I'm having a weird situation, where pd.describe is giving me percentile markers that disagree with scipy.stats percentileofscore, because of NaNs, I think.
My df is:
f_recommend
0 3.857143
1 4.500000
2 4.458333
3 NaN
4 3.600000
5 NaN
6 4.285714
7 3.587065
8 4.200000
9 NaN
When I run df.describe(percentiles=[.25, .5, .75])
I get:
f_recommend
count 7.000000
mean 4.069751
std 0.386990
min 3.587065
25% 3.728571
50% 4.200000
75% 4.372024
max 4.500000
I get the same values when I run with NaN removed.
When I want to look up a specific value, however, when I run scipy.stats.percentileofscore(df['f_recommend'], 3.61, kind = 'mean')
I get: 28th percentile with NaN and 20th without.

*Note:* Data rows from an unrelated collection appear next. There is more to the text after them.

text \<open>On a clique vector the quadratic part of \<open>f\<close> equals \<open>1 - 1/|C|\<close>, and by permutation
  invariance \<open>\<Phi>(x(C))\<close> depends only on \<open>|C|\<close>. So it suffices to compare \<open>x(S)\<close> and \<open>x(T)\<close>
  for cliques \<open>S \<subset> T\<close>, where \<open>\<parallel>x(S) - x(T)\<parallel>\<^sup>2 = 1/|S| - 1/|T|\<close>. By symmetry the gradient of
  \<open>\<Phi>\<close> at \<open>x(T)\<close> is constant on \<open>T\<close>, hence orthogonal to \<open>x(S) - x(T)\<close>; and since the
  Hessian has norm below 2, Taylor's formula gives
  \<open>\<Phi>(x(S)) - \<Phi>(x(T)) < \<parallel>x(S) - x(T)\<parallel>\<^sup>2\<close>, which is exactly the gain of the quadratic part.\<close>

lemma strict_second_order_upper_bound:
  fixes \<phi> :: "'a::real_inner \<Rightarrow> real" and g :: "'a \<Rightarrow> 'a" and D :: "'a \<Rightarrow> 'a \<Rightarrow> 'a"
  assumes S: "convex S" "y \<in> S" "z \<in> S" "z \<noteq> y"
    and deriv: "\<And>x. x \<in> S \<Longrightarrow> (\<phi> has_derivative (\<lambda>h. g x \<bullet> h)) (at x)"
    and deriv2: "\<And>x. x \<in> S \<Longrightarrow> (g has_derivative D x) (at x)"
    and bound: "\<And>x v. x \<in> S \<Longrightarrow> v \<noteq> 0 \<Longrightarrow> D x v \<bullet> v < c * (v \<bullet> v)"
  shows "\<phi> z < \<phi> y + g y \<bullet> (z - y) + c / 2 * ((z - y) \<bullet> (z - y))"
proof -
  define d where "d = z - y"
  have seg: "y + t *\<^sub>R d \<in> S" if "0 \<le> t" "t \<le> 1" for t
  proof -
    have "(1 - t) *\<^sub>R y + t *\<^sub>R z \<in> S" using S that by (simp add: convex_alt)
    then show ?thesis by (simp add: d_def algebra_simps)
  qed
  have path: "((\<lambda>t. y + t *\<^sub>R d) has_derivative (\<lambda>h. h *\<^sub>R d)) (at t within T)" for t T
    by (auto intro!: derivative_eq_intros)
  define q where "q t = \<phi> (y + t *\<^sub>R d) - t * (g y \<bullet> d) - c / 2 * t\<^sup>2 * (d \<bullet> d)" for t
  define r where "r t = g (y + t *\<^sub>R d) \<bullet> d - g y \<bullet> d - c * t * (d \<bullet> d)" for t
  define r' where "r' t = D (y + t *\<^sub>R d) d \<bullet> d - c * (d \<bullet> d)" for t
  have q_deriv: "(q has_derivative (\<lambda>h. h * r t)) (at t within {0..1})" if "t \<in> {0..1}" for t
  proof -
    have "((\<lambda>t. \<phi> (y + t *\<^sub>R d)) has_derivative (\<lambda>h. g (y + t *\<^sub>R d) \<bullet> (h *\<^sub>R d)))
        (at t within {0..1})"
      using has_derivative_compose[OF path deriv[OF seg]] that by auto
    then have "(q has_derivative (\<lambda>h. g (y + t *\<^sub>R d) \<bullet> (h *\<^sub>R d) - h * (g y \<bullet> d)
        - h * (c * t * (d \<bullet> d)))) (at t within {0..1})"
      unfolding q_def[abs_def] by (auto intro!: derivative_eq_intros simp: algebra_simps)
    then show ?thesis by (simp add: r_def algebra_simps)
  qed
  obtain s where s: "0 < s" "s < 1" "q 1 - q 0 = r s"
    using mvt_simple[of 0 1 q "\<lambda>t h. h * r t"] q_deriv by auto
  have r_deriv: "(r has_derivative (\<lambda>h. h * r' t)) (at t within {0..s})" if "t \<in> {0..s}" for t
  proof -
    have "((\<lambda>t. g (y + t *\<^sub>R d)) has_derivative (\<lambda>h. D (y + t *\<^sub>R d) (h *\<^sub>R d)))
        (at t within {0..s})"
      using has_derivative_compose[OF path deriv2[OF seg]] that s by auto
    moreover have "linear (D (y + t *\<^sub>R d))"
      using deriv2[OF seg, of t] that s by (auto dest: has_derivative_linear)
    ultimately have "((\<lambda>t. g (y + t *\<^sub>R d) \<bullet> d) has_derivative (\<lambda>h. h * (D (y + t *\<^sub>R d) d \<bullet> d)))
        (at t within {0..s})"
      by (auto dest: has_derivative_inner_left simp: linear_scale)
    then have "(r has_derivative (\<lambda>h. h * (D (y + t *\<^sub>R d) d \<bullet> d) - 0 - h * (c * (d \<bullet> d))))
        (at t within {0..s})"
      unfolding r_def[abs_def] by (intro has_derivative_diff) (auto intro!: derivative_eq_intros)
    then show ?thesis by (simp add: r'_def algebra_simps)
  qed
  obtain u where u: "0 < u" "u < s" "r s - r 0 = s * r' u"
    using mvt_simple[of 0 s r "\<lambda>t h. h * r' t"] r_deriv s by (auto simp: mult.commute)
  have "r' u < 0"
    using bound[OF seg, of u d] u s S(4) by (simp add: r'_def d_def)
  then have "r s < 0" using u s by (simp add: r_def mult_pos_neg)
  then have "q 1 < q 0" using s by simp
  then show ?thesis by (simp add: q_def d_def)
qed

lemma has_derivative_eq_zero_if_even:
  fixes \<phi> :: "'a::real_normed_vector \<Rightarrow> real"
  assumes deriv: "(\<phi> has_derivative \<phi>') (at y)" and "0 < \<delta>"
    and even: "\<And>t. \<bar>t\<bar> < \<delta> \<Longrightarrow> \<phi> (y + t *\<^sub>R w) = \<phi> (y - t *\<^sub>R w)"
  shows "\<phi>' w = 0"
proof -
  have lin: "linear \<phi>'" using deriv by (rule has_derivative_linear)
  have "((\<lambda>t. y + t *\<^sub>R w) has_derivative (\<lambda>h. h *\<^sub>R w)) (at 0)"
    "((\<lambda>t. y - t *\<^sub>R w) has_derivative (\<lambda>h. - (h *\<^sub>R w))) (at 0)"
    by (auto intro!: derivative_eq_intros)
  moreover have "(\<phi> has_derivative \<phi>') (at (y + 0 *\<^sub>R w))" "(\<phi> has_derivative \<phi>') (at (y - 0 *\<^sub>R w))"
    using deriv by simp_all
  ultimately have plus: "((\<lambda>t. \<phi> (y + t *\<^sub>R w)) has_derivative (\<lambda>h. \<phi>' (h *\<^sub>R w))) (at 0)"
    and reflected: "((\<lambda>t. \<phi> (y - t *\<^sub>R w)) has_derivative (\<lambda>h. \<phi>' (- (h *\<^sub>R w)))) (at 0)"
    by (auto intro: has_derivative_compose)
  have minus: "((\<lambda>t. \<phi> (y + t *\<^sub>R w)) has_derivative (\<lambda>h. \<phi>' (- (h *\<^sub>R w)))) (at 0)"
    by (rule has_derivative_transform_within_open[OF reflected, of "ball 0 \<delta>"])
      (use \<open>0 < \<delta>\<close> even in auto)
  have "(\<lambda>h. \<phi>' (h *\<^sub>R w)) = (\<lambda>h. \<phi>' (- (h *\<^sub>R w)))"
    using plus minus by (rule has_derivative_unique)
  then have "\<phi>' w = - \<phi>' w" using real_vector.linear_neg[OF lin] by (metis scaleR_one)
  then show ?thesis by simp
qed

Any thoughts to explain this discrepancy?
ETA:
I don't believe that the problem is that we're calculating percentiles differently. Because that only matters when you're calculating percentiles of the same 2 numbers in different ways. But here, describe gives 25 percentile as 3.72. So there is absolutely no way that 3.61 can be 28th percentile. None of the formulas should give that.
In particular, when I use describe on the 6 values without NaN, I get the same values, so that's ignoring NaN, which is fine. But when I run percentile of score without the NaN I get a number that doesn't match.
ETA 2:
Simpler example:
In [48]: d = pd.DataFrame([1,2,3,4,5,6,7])
In [49]: d.describe()
Out[49]:
0
count 7.000000
mean 4.000000
std 2.160247
min 1.000000
25% 2.500000
50% 4.000000
75% 5.500000
max 7.000000
In [50]: sp.stats.percentileofscore(d[0], 2.1, kind = 'mean')
Out[50]: 28.571428571428573
the "kind" argument doesn't matter because 2.1 is unique.
scipy.stats.percentileofscore
does not ignore nan
, nor does it check for the value and handle it in some special way. It is just another floating point value in your data. This means the behavior of percentileofscore
with data containing nan
is undefined, because of the behavior of nan
in comparisons:
In [44]: np.nan > 0
Out[44]: False
In [45]: np.nan < 0
Out[45]: False
In [46]: np.nan == 0
Out[46]: False
In [47]: np.nan == np.nan
Out[47]: False
Those results are all correct--that is how nan
is supposed to behave. But that means, in order to know how percentileofscore
handles nan
, you have to know how the code does comparisons. And that is an implementation detail that you shouldn't have to know, and that you can't rely on to be the same in future versions of scipy.
If you investigate the behavior of percentfileofscore
, you'll find that it behaves as if nan
was infinite. For example, if you replace nan
with a value larger than any other value in the input, you'll get the same results:
In [53]: percentileofscore([10, 20, 25, 30, np.nan, np.nan], 18)
Out[53]: 16.666666666666664
In [54]: percentileofscore([10, 20, 25, 30, 999, 999], 18)
Out[54]: 16.666666666666664
Unfortunately, you can't rely on this behavior. If the implementation changes in the future, nan
might end up behaving like negative infinity, or have some other unspecified behavior.
The solution to this "problem" is simple: don't give percentileofscore
any nan
values. You'll have to clean up your data first. Note that this can be as simple as:
result = percentileofscore(a[~np.isnan(a)], score)
the answer is very simple.
There is no universally accepted formula for computing percentiles, in particular when your data contains ties or when it cannot be perfectly broken down in equal-size buckets.
For instance, have a look at the documentation in R
. There are more than seven types of formulas! https://stat.ethz.ch/R-manual/R-devel/library/stats/html/quantile.html
At the end, it comes down to understanding which formula is used and whether the differences are big enough to be a problem in your case.